# IP Addresses and iTunes Home Sharing - Halp!



## Zoom-boing (Jan 11, 2010)

Ok, iTunes home sharing was working a few weeks ago.  It's a nice feature that allows you to 'share' the libraries on (up to 5) computers in the house.  We got a new desktop and now it's not working.  We're getting the following message when we try to load my daughter's itunes library from her laptop:  "firewall software needs to be set to allow communication on port 3689".  What does this mean and how do I change the firewall setting to allow communications on port 3689?  We have Norton.

We're also getting a message - randomly - that says "another computer on this network has the same IP address".  All three computers (desktop, our laptop, daughter's laptop) have the same IP address.  We have to constantly reset the router/modem because either our laptop or the daughter's laptop isn't connected to the internet, only local access is allowed.

I think the IP address thing is part of the itunes home sharing problem but I have no idea.  Can anyone offer any advice?  Help?   Info?  Anyone?  Bueller?


----------



## Darkwind (Jan 11, 2010)

Configuring firewalls on a Mac for use with Apple TV

unblocking port 3689 for iTunes sharing? [Archive] - Mac Forums


----------



## Zoom-boing (Jan 12, 2010)

The above links didn't work, so I started goggle searching 'port 3689' - which is itunes dedicated - and I found enough info to figure out how to fix the problemo.

Control panel, network and internet, view network computers and devices, right clicked on our router (Linksys), went into settings, added the Linksys IP address (not the computer's IP address, which changes; Linksys IP is static), and 3689 TCP for external and internal ports.  Home sharing now works!  

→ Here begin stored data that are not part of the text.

theorem theorem2:
  fixes Q :: "real^4^4"
  assumes sym: "transpose Q = Q"
    and psd: "\<forall>v. 0 \<le> v \<bullet> (Q *v v)"
    and ker: "\<exists>n. n \<noteq> 0 \<and> Q *v n = 0 \<and> mink_dot n n \<le> 0"
  shows "convex_roof (\<lambda>xv. sqrt (mink_vec 1 xv \<bullet> (Q *v mink_vec 1 xv)))
    \<and> ((\<exists>n. n \<noteq> 0 \<and> Q *v n = 0 \<and> mink_dot n n \<le> 0 \<and> mink_time n = 0)
        \<longrightarrow> flat_roof (\<lambda>xv. sqrt (mink_vec 1 xv \<bullet> (Q *v mink_vec 1 xv))))"
proof -
  have f: "(\<lambda>xv. sqrt (mink_vec 1 xv \<bullet> (Q *v mink_vec 1 xv))) = bloch_fun Q"
    by (simp add: fun_eq_iff bloch_fun_def form_seminorm_def)
  have regular: "continuous_on bloch_ball (bloch_fun Q)" "convex_on bloch_ball (bloch_fun Q)"
    by (rule continuous_on_bloch_fun, rule convex_bloch_fun[OF sym psd])
  have "convex_roof (bloch_fun Q)"
  proof -
    from ker obtain n where "n \<noteq> 0" "Q *v n = 0" "mink_dot n n \<le> 0" by blast
    then show ?thesis
      unfolding convex_roof_def using regular bloch_fun_roof_decomp[OF sym] by metis
  qed
  moreover have "flat_roof (bloch_fun Q)"
    if "\<exists>n. n \<noteq> 0 \<and> Q *v n = 0 \<and> mink_dot n n \<le> 0 \<and> mink_time n = 0"
  proof -
    from that obtain n where "n \<noteq> 0" "Q *v n = 0" "mink_dot n n \<le> 0" "mink_time n = 0" by blast
    then show ?thesis
      unfolding flat_roof_def using regular bloch_fun_roof_decomp[OF sym] by metis
  qed
  ultimately show ?thesis unfolding f by blast
qed

end
(* Let $A,B,C$ be an LR triple on $V$ and let $\mathcal I$ be the set of idempotent centralizers for $A,B,C$ (a subalgebra of $\mathrm{End}(V)$). (i) If $A,B,C$ is trivial (i.e. $d=0$), then $I$ is a basis of $\mathcal I$. (ii) If $A,B,C$ is nonbipartite, then $I$ is a basis of $\mathcal I$. (iii) If $A,B,C$ is bipartite and nontrivial (so $d$ is even), then $I,J$ is a basis of $\mathcal I$, where $J=\sum_{j=0}^{d/2}E_{2j}$.
   Context: Let $V$ be a vector space over a field $\mathbb F$ with $\dim V=d+1$. A decomposition of $V$ is a sequence $(V_i)_{i=0}^d$ of one-dimensional subspaces with $V=\bigoplus V_i$; $X$ lowers it if $XV_i=V_{i-1}$ ($1\le i\le d$), $XV_0=0$; raises it if $XV_i=V_{i+1}$ ($0\le i\le d-1$), $XV_d=0$. An ordered pair $X,Y$ is an LR pair if some decomposition (unique, the $(X,Y)$-decomposition) is lowered by $X$ and raised by $Y$. An LR triple is $A,B,C\in\mathrm{End}(V)$ with $A,B$; $B,C$; $C,A$ LR pairs; it is trivial if $d=0$. Let $E_i,E'_i,E''_i$ ($0\le i\le d$) be the projections onto the $i$-th components of the $(A,B)$-, $(B,C)$-, $(C,A)$-decompositions. The triple is bipartite if $\mathrm{tr}(CE_i)=\mathrm{tr}(AE'_i)=\mathrm{tr}(BE''_i)=0$ for all $i$, nonbipartite otherwise. An idempotent centralizer for $A,B,C$ is an element of $\mathrm{End}(V)$ commuting with every $E_i,E'_i,E''_i$ ($0\le i\le d$). *)

theory Defs
  imports "HOL-Analysis.Analysis"
begin
(* Let $\mathbf c,\mathbf c_0\in\mathbb{R}^n$ and let $\mathbf P,\mathbf P_0\in\mathbb{R}^{n\times n}$ be symmetric positive definite. Let $\mathbf P_0=\mathbf L_0\mathbf L_0^\top$ be the Cholesky factorization, $\tilde{\mathbf c}=\mathbf L_0^\top(\mathbf c-\mathbf c_0)$, $\tilde{\mathbf P}=\mathbf L_0^{-1}\mathbf P\mathbf L_0^{-\top}$, and $\ell^*=\sup_{\beta\in\mathcal{I}_{\tilde{\mathbf P}}}\ell_{\tilde{\mathbf c},\tilde{\mathbf P}}(\beta)$. Then $$\mathcal{E}(\mathbf c,\mathbf P)\Subset\mathcal{E}\big(\mathbf c_0,(-\ell^* )^{-1}\mathbf P_0\big)$$ and $$\mathcal{E}(\mathbf d,-\ell^*\mathbf P)\Subset\mathcal{E}(\mathbf c_0,\mathbf P_0),\qquad\text{where } \mathbf d=(-\ell^* )^{-1/2}(\mathbf c-\mathbf c_0)+\mathbf c_0.$$
   Context: $\mathcal{E}(\mathbf c,\mathbf P)=\{\mathbf x:(\mathbf x-\mathbf c)^\top\mathbf P(\mathbf x-\mathbf c)\le1\}$; $\mathcal{E}\Subset\mathcal{E}_0$ means $\mathcal{E}\subseteq\mathcal{E}_0$ and $\partial\mathcal{E}\cap\partial\mathcal{E}_0\neq\emptyset$. For symmetric positive definite $\mathbf Q$ and vector $\mathbf a$: let $\mathbf Q=\mathbf V\mathbf D\mathbf V^\top$ be a spectral decomposition ($\mathbf V$ orthogonal, $\mathbf D$ diagonal with entries $\lambda_i$), $\bar{\mathbf a}=\mathbf V^\top\mathbf a$, $S(\bar{\mathbf a})=\{i:\bar a_i\neq0\}$, $\lambda_{\min}(\mathbf Q)$ the smallest eigenvalue; $\mathcal{I}_{\mathbf Q}=(\lambda_{\min}(\mathbf Q)^{-1},\infty)$ if some $i\in S(\bar{\mathbf a})$ has $\lambda_i=\lambda_{\min}(\mathbf Q)$, and $[\lambda_{\min}(\mathbf Q)^{-1},\infty)$ otherwise; and $\ell_{\mathbf a,\mathbf Q}(\beta)=-\beta-\sum_{i\in S(\bar{\mathbf a})}\bar a_i^2\frac{\lambda_i\beta}{\lambda_i\beta-1}$ for $\beta\in\mathcal{I}_{\mathbf Q}$. *)

theory Defs
  imports "HOL-Analysis.Analysis"
begin

definition ellipsoid :: "real^'n \<Rightarrow> real^'n^'n \<Rightarrow> (real^'n) set" where
  "ellipsoid c P = {x. (x - c) \<bullet> (P *v (x - c)) \<le> 1}"

definition inscribed :: "(real^'n) set \<Rightarrow> (real^'n) set \<Rightarrow> bool" where
  "inscribed E E0 \<longleftrightarrow> E \<subseteq> E0 \<and> frontier E \<inter> frontier E0 \<noteq> {}"

definition sym_posdef :: "real^'n^'n \<Rightarrow> bool" where
  "sym_posdef P \<longleftrightarrow> transpose P = P \<and> (\<forall>x. x \<noteq> 0 \<longrightarrow> x \<bullet> (P *v x) > 0)"

definition cholesky_factor :: "real^('n::{finite,linorder})^('n::{finite,linorder}) \<Rightarrow> real^('n::{finite,linorder})^('n::{finite,linorder}) \<Rightarrow> bool" where
  "cholesky_factor L P \<longleftrightarrow> P = L ** transpose L \<and>
     (\<forall>i j. i < j \<longrightarrow> L $ i $ j = 0) \<and> (\<forall>i. L $ i $ i > 0)"

definition diag_mat :: "real^'n \<Rightarrow> real^'n^'n" where
  "diag_mat lam = (\<chi> i j. if i = j then lam $ i else 0)"

definition spectral_decomp :: "real^'n^'n \<Rightarrow> real^'n^'n \<Rightarrow> real^'n \<Rightarrow> bool" where
  "spectral_decomp Q V lam \<longleftrightarrow> orthogonal_matrix V \<and> Q = V ** diag_mat lam ** transpose V"

definition lambda_min :: "real^'n^'n \<Rightarrow> real" where
  "lambda_min Q = Min {l. \<exists>v. v \<noteq> 0 \<and> Q *v v = l *s v}"

definition supp_idx :: "real^'n^'n \<Rightarrow> real^'n \<Rightarrow> 'n set" where
  "supp_idx V a = {i. (transpose V *v a) $ i \<noteq> 0}"

definition I_set :: "real^'n^'n \<Rightarrow> real^'n^'n \<Rightarrow> real^'n \<Rightarrow> real^'n \<Rightarrow> real set" where
  "I_set Q V lam a =
     (if \<exists>i\<in>supp_idx V a. lam $ i = lambda_min Q
      then {inverse (lambda_min Q)<..} else {inverse (lambda_min Q)..})"

definition ell :: "real^'n^'n \<Rightarrow> real^'n \<Rightarrow> real^'n \<Rightarrow> real \<Rightarrow> real" where
  "ell V lam a \<beta> = - \<beta> - (\<Sum>i\<in>supp_idx V a.
      ((transpose V *v a) $ i)\<^sup>2 * (lam $ i * \<beta> / (lam $ i * \<beta> - 1)))"

end

theory Submission
  imports Defs
begin

(* In the coordinates z = V^T L0^T (x - c0) the quadratic form of P0 becomes |z|^2 and
   E(c, P) becomes the axis-aligned ellipsoid sum_i lam_i (z_i - a_i)^2 <= 1 with a = V^T ct,
   so both claims amount to computing the maximum m of |z|^2 on that ellipsoid.
   Lagrangian duality does this: for beta in I the bound |z|^2 <= -ell(beta) holds on the
   ellipsoid coordinatewise (weak duality), and it is attained at a root beta of the secular
   equation sum_i lam_i a_i^2 / (lam_i beta - 1)^2 = 1, found by the intermediate value theorem,
   or, in the "hard case" where a vanishes on the eigencoordinates of lambda_min and the secular
   function is at most 1 at 1 / lambda_min, at beta = 1 / lambda_min with the missing constraint
   mass placed on such an eigencoordinate (strong duality). Hence m = -ell*.
   The second inscription is the first one transported by the homothety with centre c0 and
   ratio m^(-1/2). *)

definition dual_domain :: "real^'n \<Rightarrow> real^'n \<Rightarrow> real set" where
  "dual_domain lam a =
     (let lm = Min (range (vec_nth lam))
      in if \<exists>i. a$i \<noteq> 0 \<and> lam$i = lm then {inverse lm<..} else {inverse lm..})"

definition dual_objective :: "real^'n \<Rightarrow> real^'n \<Rightarrow> real \<Rightarrow> real" where
  "dual_objective lam a \<beta> = \<beta> + (\<Sum>i\<in>UNIV. (a$i)\<^sup>2 * (lam$i * \<beta> / (lam$i * \<beta> - 1)))"

definition secular :: "real^'n \<Rightarrow> real^'n \<Rightarrow> real \<Rightarrow> real" where
  "secular lam a \<beta> = (\<Sum>i\<in>UNIV. lam$i * (a$i / (lam$i * \<beta> - 1))\<^sup>2)"

lemma lagrangian_term_identity:
  fixes k a z :: real
  assumes "k \<noteq> 1"
  shows "a\<^sup>2 * (k / (k - 1)) - (z\<^sup>2 - k * (z - a)\<^sup>2) = ((k - 1) * z - k * a)\<^sup>2 / (k - 1)"
  using assms by (simp add: field_simps power2_eq_square)

lemma lagrangian_term_le:
  fixes k a z :: real
  assumes "1 \<le> k" and "a \<noteq> 0 \<Longrightarrow> 1 < k"
  shows "z\<^sup>2 - k * (z - a)\<^sup>2 \<le> a\<^sup>2 * (k / (k - 1))"
proof (cases "k = 1")
  case True
  then show ?thesis using assms by fastforce
next
  case False
  then have "0 \<le> ((k - 1) * z - k * a)\<^sup>2 / (k - 1)" using assms(1) by simp
  then show ?thesis using lagrangian_term_identity[OF False, of a z] by linarith
qed

lemma lagrangian_term_eq:
  fixes k a :: real
  assumes "k \<noteq> 1"
  shows "(a * k / (k - 1))\<^sup>2 - k * (a * k / (k - 1) - a)\<^sup>2 = a\<^sup>2 * (k / (k - 1))"
  using lagrangian_term_identity[OF assms, of a "a * k / (k - 1)"] assms by simp

lemma sum_squares_lagrangian:
  fixes lam a z :: "real^'n"
  shows "(\<Sum>i\<in>UNIV. (z$i)\<^sup>2) = \<beta> + (\<Sum>i\<in>UNIV. (z$i)\<^sup>2 - lam$i * \<beta> * (z$i - a$i)\<^sup>2)
           - \<beta> * (1 - (\<Sum>i\<in>UNIV. lam$i * (z$i - a$i)\<^sup>2))"
  by (simp add: algebra_simps sum_subtractf sum_distrib_left)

Now if I can just figure out why we have to randomly reset the modem cause of college kid's laptop . . . .


----------



## Zoom-boing (Jan 12, 2010)

AAAggghhhhh!!!!!!   It was working fine, I was browsing my daughter's itunes library, I was able to move some songs into mine then . . . . the home sharing libraries disappeared.  Then they came back but I couldn't access anything as no songs appeared in the library.  I don't know if it's our computers or an itunes bug.  Just when I thought I had fixed it too.  If I figure it out I'll post in here.  <sigh>


----------